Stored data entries
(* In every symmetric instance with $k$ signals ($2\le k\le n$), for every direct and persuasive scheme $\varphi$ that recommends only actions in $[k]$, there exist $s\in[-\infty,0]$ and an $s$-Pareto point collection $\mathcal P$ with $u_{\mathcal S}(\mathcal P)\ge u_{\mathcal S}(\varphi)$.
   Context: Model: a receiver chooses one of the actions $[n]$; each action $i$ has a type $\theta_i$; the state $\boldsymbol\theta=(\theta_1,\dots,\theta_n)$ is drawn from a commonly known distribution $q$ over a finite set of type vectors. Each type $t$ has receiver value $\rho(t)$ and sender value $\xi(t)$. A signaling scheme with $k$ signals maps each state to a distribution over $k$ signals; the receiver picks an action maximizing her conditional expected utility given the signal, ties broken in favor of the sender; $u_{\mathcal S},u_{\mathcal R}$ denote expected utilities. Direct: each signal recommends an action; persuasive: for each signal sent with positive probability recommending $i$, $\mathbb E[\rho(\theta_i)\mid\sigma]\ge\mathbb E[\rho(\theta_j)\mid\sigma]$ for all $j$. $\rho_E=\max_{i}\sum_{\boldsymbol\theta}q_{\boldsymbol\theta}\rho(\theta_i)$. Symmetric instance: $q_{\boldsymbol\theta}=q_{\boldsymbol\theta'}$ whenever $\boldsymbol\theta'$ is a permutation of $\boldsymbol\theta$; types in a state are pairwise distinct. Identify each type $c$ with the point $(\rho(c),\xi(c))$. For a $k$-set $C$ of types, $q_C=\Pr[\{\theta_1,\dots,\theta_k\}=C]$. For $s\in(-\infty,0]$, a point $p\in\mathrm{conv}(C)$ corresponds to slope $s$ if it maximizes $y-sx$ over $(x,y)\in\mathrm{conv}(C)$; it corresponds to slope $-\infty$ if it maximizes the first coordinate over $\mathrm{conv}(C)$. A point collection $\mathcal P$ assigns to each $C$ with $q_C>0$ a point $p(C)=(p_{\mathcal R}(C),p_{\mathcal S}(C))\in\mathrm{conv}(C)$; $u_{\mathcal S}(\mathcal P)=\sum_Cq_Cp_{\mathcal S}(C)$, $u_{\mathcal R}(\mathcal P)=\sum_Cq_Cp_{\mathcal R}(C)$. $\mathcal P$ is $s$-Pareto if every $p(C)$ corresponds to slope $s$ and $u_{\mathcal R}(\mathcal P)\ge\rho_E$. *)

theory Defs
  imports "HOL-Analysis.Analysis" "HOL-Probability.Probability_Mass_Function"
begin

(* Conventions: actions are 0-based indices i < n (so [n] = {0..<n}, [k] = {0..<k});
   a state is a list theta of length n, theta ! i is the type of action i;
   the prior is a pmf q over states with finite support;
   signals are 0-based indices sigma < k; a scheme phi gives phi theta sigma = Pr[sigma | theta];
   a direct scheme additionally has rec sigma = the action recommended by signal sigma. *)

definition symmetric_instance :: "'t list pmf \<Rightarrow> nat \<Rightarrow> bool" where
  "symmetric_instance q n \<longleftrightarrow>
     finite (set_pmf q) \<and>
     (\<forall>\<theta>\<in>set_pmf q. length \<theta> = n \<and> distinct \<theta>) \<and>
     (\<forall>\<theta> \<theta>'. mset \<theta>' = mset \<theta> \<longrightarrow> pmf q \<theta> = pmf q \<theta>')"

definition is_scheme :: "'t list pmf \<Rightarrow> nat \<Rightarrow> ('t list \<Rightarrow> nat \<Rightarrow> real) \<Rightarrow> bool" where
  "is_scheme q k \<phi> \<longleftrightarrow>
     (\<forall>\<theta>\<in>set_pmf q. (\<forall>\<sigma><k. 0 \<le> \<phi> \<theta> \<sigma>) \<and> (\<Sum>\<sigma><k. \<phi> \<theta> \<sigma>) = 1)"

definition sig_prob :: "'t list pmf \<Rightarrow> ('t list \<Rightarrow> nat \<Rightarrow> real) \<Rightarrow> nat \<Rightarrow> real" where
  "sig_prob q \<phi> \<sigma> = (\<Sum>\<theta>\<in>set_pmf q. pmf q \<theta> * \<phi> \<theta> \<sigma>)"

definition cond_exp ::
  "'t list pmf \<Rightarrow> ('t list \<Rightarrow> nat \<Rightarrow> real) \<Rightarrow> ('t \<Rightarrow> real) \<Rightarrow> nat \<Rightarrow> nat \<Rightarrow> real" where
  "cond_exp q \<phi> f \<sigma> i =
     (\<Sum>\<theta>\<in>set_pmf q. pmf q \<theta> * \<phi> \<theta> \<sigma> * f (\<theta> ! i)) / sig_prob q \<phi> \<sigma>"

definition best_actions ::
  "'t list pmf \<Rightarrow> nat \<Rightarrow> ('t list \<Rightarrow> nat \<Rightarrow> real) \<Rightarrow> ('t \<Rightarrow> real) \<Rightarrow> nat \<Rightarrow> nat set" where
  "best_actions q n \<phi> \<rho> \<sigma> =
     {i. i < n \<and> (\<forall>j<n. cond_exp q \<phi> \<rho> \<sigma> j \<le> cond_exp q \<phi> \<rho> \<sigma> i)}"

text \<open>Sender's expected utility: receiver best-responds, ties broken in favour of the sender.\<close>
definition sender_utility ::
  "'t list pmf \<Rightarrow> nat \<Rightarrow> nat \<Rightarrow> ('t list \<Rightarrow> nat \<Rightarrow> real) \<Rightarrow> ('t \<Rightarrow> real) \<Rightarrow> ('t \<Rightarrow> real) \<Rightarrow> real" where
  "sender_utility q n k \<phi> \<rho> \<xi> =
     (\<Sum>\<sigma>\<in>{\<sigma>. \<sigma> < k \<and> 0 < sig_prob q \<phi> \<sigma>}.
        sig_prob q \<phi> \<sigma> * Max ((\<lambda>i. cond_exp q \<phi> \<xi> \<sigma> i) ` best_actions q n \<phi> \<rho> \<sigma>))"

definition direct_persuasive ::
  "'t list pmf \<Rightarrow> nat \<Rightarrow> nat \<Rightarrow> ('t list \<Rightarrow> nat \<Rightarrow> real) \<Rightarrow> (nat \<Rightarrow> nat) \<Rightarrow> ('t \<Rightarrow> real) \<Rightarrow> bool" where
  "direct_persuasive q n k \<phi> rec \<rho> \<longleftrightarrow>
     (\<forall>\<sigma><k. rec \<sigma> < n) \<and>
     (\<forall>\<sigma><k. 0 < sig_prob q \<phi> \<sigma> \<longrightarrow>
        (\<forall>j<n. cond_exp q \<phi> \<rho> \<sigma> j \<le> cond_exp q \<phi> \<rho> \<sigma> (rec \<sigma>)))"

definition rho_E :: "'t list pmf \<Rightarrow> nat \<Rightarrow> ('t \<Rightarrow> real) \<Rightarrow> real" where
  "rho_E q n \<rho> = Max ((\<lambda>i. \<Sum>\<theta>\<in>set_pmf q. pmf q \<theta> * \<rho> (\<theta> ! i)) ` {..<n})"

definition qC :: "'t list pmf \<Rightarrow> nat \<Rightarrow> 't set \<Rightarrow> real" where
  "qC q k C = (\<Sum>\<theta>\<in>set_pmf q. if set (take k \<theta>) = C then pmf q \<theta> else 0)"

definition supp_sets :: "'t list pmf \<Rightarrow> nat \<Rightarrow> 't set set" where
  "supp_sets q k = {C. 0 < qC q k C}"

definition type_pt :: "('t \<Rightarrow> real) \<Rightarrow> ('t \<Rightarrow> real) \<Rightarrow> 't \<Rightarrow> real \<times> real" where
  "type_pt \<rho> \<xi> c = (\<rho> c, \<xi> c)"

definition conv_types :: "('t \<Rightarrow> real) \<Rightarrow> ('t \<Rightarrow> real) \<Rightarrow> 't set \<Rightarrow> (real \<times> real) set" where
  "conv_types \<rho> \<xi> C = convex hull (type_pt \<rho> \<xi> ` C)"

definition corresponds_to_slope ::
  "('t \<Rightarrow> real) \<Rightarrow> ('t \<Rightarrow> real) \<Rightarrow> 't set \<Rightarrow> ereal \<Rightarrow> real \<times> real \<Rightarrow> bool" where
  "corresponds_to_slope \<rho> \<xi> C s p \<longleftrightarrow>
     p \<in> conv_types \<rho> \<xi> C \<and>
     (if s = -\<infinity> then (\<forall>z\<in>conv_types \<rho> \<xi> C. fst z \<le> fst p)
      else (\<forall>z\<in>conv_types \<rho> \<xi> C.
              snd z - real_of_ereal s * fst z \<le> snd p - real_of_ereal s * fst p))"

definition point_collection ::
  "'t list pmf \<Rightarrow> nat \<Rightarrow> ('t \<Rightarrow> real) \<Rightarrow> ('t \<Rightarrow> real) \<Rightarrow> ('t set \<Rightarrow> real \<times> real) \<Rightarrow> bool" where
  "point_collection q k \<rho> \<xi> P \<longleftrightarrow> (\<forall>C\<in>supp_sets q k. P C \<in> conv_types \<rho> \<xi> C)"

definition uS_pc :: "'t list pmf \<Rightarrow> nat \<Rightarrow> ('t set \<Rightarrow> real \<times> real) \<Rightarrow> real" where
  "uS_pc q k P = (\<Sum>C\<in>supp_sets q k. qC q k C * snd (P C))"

**Task prompt:** Would you output, from the records above, exactly the run of lines that starts at the line containing "C = (\<Sum>\<theta>\<in>set_pmf" and ends at the line containing "else (\<forall>z\<in>conv_types \<rho>", and only that run?

**Result of the exercise:**
  "qC q k C = (\<Sum>\<theta>\<in>set_pmf q. if set (take k \<theta>) = C then pmf q \<theta> else 0)"

definition supp_sets :: "'t list pmf \<Rightarrow> nat \<Rightarrow> 't set set" where
  "supp_sets q k = {C. 0 < qC q k C}"

definition type_pt :: "('t \<Rightarrow> real) \<Rightarrow> ('t \<Rightarrow> real) \<Rightarrow> 't \<Rightarrow> real \<times> real" where
  "type_pt \<rho> \<xi> c = (\<rho> c, \<xi> c)"

definition conv_types :: "('t \<Rightarrow> real) \<Rightarrow> ('t \<Rightarrow> real) \<Rightarrow> 't set \<Rightarrow> (real \<times> real) set" where
  "conv_types \<rho> \<xi> C = convex hull (type_pt \<rho> \<xi> ` C)"

definition corresponds_to_slope ::
  "('t \<Rightarrow> real) \<Rightarrow> ('t \<Rightarrow> real) \<Rightarrow> 't set \<Rightarrow> ereal \<Rightarrow> real \<times> real \<Rightarrow> bool" where
  "corresponds_to_slope \<rho> \<xi> C s p \<longleftrightarrow>
     p \<in> conv_types \<rho> \<xi> C \<and>
     (if s = -\<infinity> then (\<forall>z\<in>conv_types \<rho> \<xi> C. fst z \<le> fst p)
      else (\<forall>z\<in>conv_types \<rho> \<xi> C.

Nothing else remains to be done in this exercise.